What is needed | Reproduce the listing below in its entirety. Change nothing.

Exercise input |
lemma optimal_words_asymptotically_parallel:
  assumes "{fp_plus A, fp_minus A} \<inter> {fp_plus B, fp_minus B} \<noteq> {}"
  shows "(trace A \<noteq> trace B \<longrightarrow>
           complete_optimal A B {if trace A > trace B then [La] else [Lb]}) \<and>
        (trace A = trace B \<and> I_plus A B \<inter> I_minus A B = {} \<longrightarrow>
           (\<forall>w. w \<noteq> [] \<longrightarrow> maximal A B w) \<and> complete_optimal A B {w. lyndon w}) \<and>
        (trace A = trace B \<and> I_plus A B \<inter> I_minus A B \<noteq> {} \<longrightarrow>
           (\<exists>p. I_plus A B \<inter> I_minus A B = {p}) \<and> complete_optimal A B {[La], [Lb]})"
  using assms
proof (cases rule: shared_fixed_point_cases)
  case (same_type e \<alpha> \<beta>)
  then show ?thesis
    using common_eigenvector.optimal_words_unequal_traces
      common_eigenvector.optimal_words_equal_traces_same_sign by blast
next
  case (opposite_type e \<alpha> \<beta> p)
  then show ?thesis
    using common_eigenvector.optimal_words_unequal_traces
      common_eigenvector.optimal_words_equal_traces_opposite_sign by blast
qed

end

Result of this task |
lemma optimal_words_asymptotically_parallel:
  assumes "{fp_plus A, fp_minus A} \<inter> {fp_plus B, fp_minus B} \<noteq> {}"
  shows "(trace A \<noteq> trace B \<longrightarrow>
           complete_optimal A B {if trace A > trace B then [La] else [Lb]}) \<and>
        (trace A = trace B \<and> I_plus A B \<inter> I_minus A B = {} \<longrightarrow>
           (\<forall>w. w \<noteq> [] \<longrightarrow> maximal A B w) \<and> complete_optimal A B {w. lyndon w}) \<and>
        (trace A = trace B \<and> I_plus A B \<inter> I_minus A B \<noteq> {} \<longrightarrow>
           (\<exists>p. I_plus A B \<inter> I_minus A B = {p}) \<and> complete_optimal A B {[La], [Lb]})"
  using assms
proof (cases rule: shared_fixed_point_cases)
  case (same_type e \<alpha> \<beta>)
  then show ?thesis
    using common_eigenvector.optimal_words_unequal_traces
      common_eigenvector.optimal_words_equal_traces_same_sign by blast
next
  case (opposite_type e \<alpha> \<beta> p)
  then show ?thesis
    using common_eigenvector.optimal_words_unequal_traces
      common_eigenvector.optimal_words_equal_traces_opposite_sign by blast
qed

end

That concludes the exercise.